ASSIGNED TASK: Within the records below, find each line with the word "noteq" and copy it out.

[[ STORED DATA open ]]

lemma cN_scale:
  assumes "c \<noteq> 0"
  shows "cN n th (\<lambda>i. c * z i) q t = cN n th z q t"
proof (induction n arbitrary: z)
  case (Suc n)
  have "cN n th (\<lambda>i. q powi (- int (th i (Suc n))) * (c * z i)) q t
      = cN n th (\<lambda>i. q powi (- int (th i (Suc n))) * z i) q t"
    using Suc.IH[of "\<lambda>i. q powi (- int (th i (Suc n))) * z i"] by (simp add: mult_ac)
  then show ?case
    using assms by (cases n) (auto simp: cN_Suc cN_factor_def intro!: prod.cong)
qed simp

lemma is_partition_antimono:
  assumes "is_partition p" "1 \<le> i" "i \<le> j"
  shows "p j \<le> p i"
  using assms(3)
proof (induction j rule: dec_induct)
  case (step n)
  then have "p (Suc n) \<le> p n" using assms(1,2) by (simp add: is_partition_def)
  with step.IH show ?case by simp
qed simp

lemma tableau_entry_zero:
  assumes T: "is_tableau N lam tab"
  shows "k \<le> N \<Longrightarrow> k < i \<Longrightarrow> tab k i = 0"
proof (induction k arbitrary: i)
  case 0
  then show ?case using T by (simp add: is_tableau_def)
next
  case (Suc k)
  then obtain i' where i: "i = Suc i'" "k < i'" by (cases i) auto
  have "Suc k \<in> {1..N}" using Suc.prems by simp
  then have "horizontal_strip (tab (Suc k)) (tab (Suc k - 1))"
    using T unfolding is_tableau_def by blast
  then have "tab (Suc k) (Suc i') \<le> tab k i'" using i by (auto simp: horizontal_strip_def)
  then show ?case using Suc.IH[of i'] Suc.prems i by simp
qed

lemma plength_le:
  assumes "\<And>i. n < i \<Longrightarrow> mu i = 0"
  shows "plength mu \<le> n"
proof -
  have "{i. 1 \<le> i \<and> 0 < mu i} \<subseteq> {1..n}"
    using assms by (auto simp: not_less[symmetric])
  then show ?thesis unfolding plength_def using card_mono[of "{1..n}"] by fastforce
qed

lemma le_plength:
  assumes "is_partition mu" "1 \<le> j" "0 < mu j"
  shows "j \<le> plength mu"
proof -
  obtain n where n: "\<forall>i>n. mu i = 0" using assms(1) by (auto simp: is_partition_def)
  have "{1..j} \<subseteq> {i. 1 \<le> i \<and> 0 < mu i}"
    using is_partition_antimono[OF assms(1)] assms(3) by fastforce
  moreover have "{i. 1 \<le> i \<and> 0 < mu i} \<subseteq> {..n}"
    using n by (auto simp: not_less[symmetric])
  ultimately show ?thesis
    unfolding plength_def using card_mono finite_subset by (metis card_atLeastAtMost diff_Suc_1 finite_atMost)
qed

lemma psi_factor_eq_one:
  assumes q: "norm q < 1" "q \<noteq> 0" and t: "t \<noteq> 0"
    and generic: "\<And>a b :: int. (a, b) \<noteq> (0, 0) \<Longrightarrow> q powi a * t powi b \<noteq> 1"
    and "mu j = 0" "lam (Suc j) = 0"
  shows "psi_factor q t lam mu i j = 1"
proof -
  have "fqt q t (q powi int k * t ^ (j - i)) \<noteq> 0" for k
    by (rule fqt_monomial_nonzero[OF q t generic]) auto
  then show ?thesis using assms(5,6) by (simp add: psi_factor_def)
qed

lemma psi_factor_eq_cross_ratio:
  fixes q t :: complex
  assumes q: "norm q < 1" "q \<noteq> 0" and t: "t \<noteq> 0"
    and generic: "\<And>a b :: int. (a, b) \<noteq> (0, 0) \<Longrightarrow> q powi a * t powi b \<noteq> 1"
    and ij: "i \<le> j" and mu_i: "mu i \<le> lam i" and mu_j: "mu j \<le> lam j"
    and lam_ij: "lam (Suc j) \<le> lam i"
    and X: "X = q powi (int (lam i) - int (lam (Suc j))) * t ^ (j - i)"
    and Y: "Y = q powi (int (lam i) - int (mu j)) * t ^ (j - i)"
    and m: "m = lam i - mu i"
  shows "psi_factor q t lam mu i j
    = qpoch (inverse X) q m / qpoch (q / (t * X)) q m * (qpoch (q / (t * Y)) q m / qpoch (inverse Y) q m)"
proof -
  have "X \<noteq> 0" "Y \<noteq> 0" using q t by (simp_all add: X Y)
  have "fqt q t X \<noteq> 0" unfolding X
    by (rule fqt_monomial_nonzero[OF q t generic]) (use lam_ij in auto)
  moreover have "fqt q t Y \<noteq> 0" unfolding Y
    by (rule fqt_monomial_nonzero[OF q t generic]) (use mu_j ij in auto)
  moreover have
    "q powi (int (mu i) - int (lam (Suc j))) * t ^ (j - i) = q powi (- int m) * X"
    "q powi (int (mu i) - int (mu j)) * t ^ (j - i) = q powi (- int m) * Y"
    using q(2) mu_i by (simp_all add: X Y m of_nat_diff power_int_add[symmetric] mult.assoc)
  ultimately show ?thesis
    using fqt_cross_ratio[OF q t \<open>X \<noteq> 0\<close> \<open>Y \<noteq> 0\<close>]
    unfolding psi_factor_def X[symmetric] Y[symmetric] by simp
qed

lemma cN_factor_eq_cross_ratio:
  fixes q t :: complex
  assumes "q \<noteq> 0" "t \<noteq> 0" "\<And>k. z k \<noteq> 0"
    and zX: "z i = t * X * z (Suc j)" and zY: "z i = q powi (- int (th j (Suc n))) * Y * z j"
    and m: "m = th i (Suc n)"
  shows "cN_factor n th z q t i j
    = qpoch (inverse X) q m / qpoch (q / (t * X)) q m * (qpoch (q / (t * Y)) q m / qpoch (inverse Y) q m)"
proof -
  have "t * z (Suc j) / z i = inverse X" "q * z (Suc j) / z i = q / (t * X)"
    using assms(2,3) unfolding zX by (simp_all add: field_simps)
  moreover have "q powi (1 - int (th j (Suc n))) * z j / (t * z i) = q / (t * Y)"
    "q powi (- int (th j (Suc n))) * z j / z i = inverse Y"
    using assms(1-3) unfolding zY by (simp_all add: power_int_diff power_int_minus field_simps)
  ultimately show ?thesis by (simp add: cN_factor_def m)
qed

[[ STORED DATA closed ]]

RESULT FOR THIS EXERCISE:
  assumes "c \<noteq> 0"
  assumes q: "norm q < 1" "q \<noteq> 0" and t: "t \<noteq> 0"
    and generic: "\<And>a b :: int. (a, b) \<noteq> (0, 0) \<Longrightarrow> q powi a * t powi b \<noteq> 1"
  have "fqt q t (q powi int k * t ^ (j - i)) \<noteq> 0" for k
  assumes q: "norm q < 1" "q \<noteq> 0" and t: "t \<noteq> 0"
    and generic: "\<And>a b :: int. (a, b) \<noteq> (0, 0) \<Longrightarrow> q powi a * t powi b \<noteq> 1"
  have "X \<noteq> 0" "Y \<noteq> 0" using q t by (simp_all add: X Y)
  have "fqt q t X \<noteq> 0" unfolding X
  moreover have "fqt q t Y \<noteq> 0" unfolding Y
    using fqt_cross_ratio[OF q t \<open>X \<noteq> 0\<close> \<open>Y \<noteq> 0\<close>]
  assumes "q \<noteq> 0" "t \<noteq> 0" "\<And>k. z k \<noteq> 0"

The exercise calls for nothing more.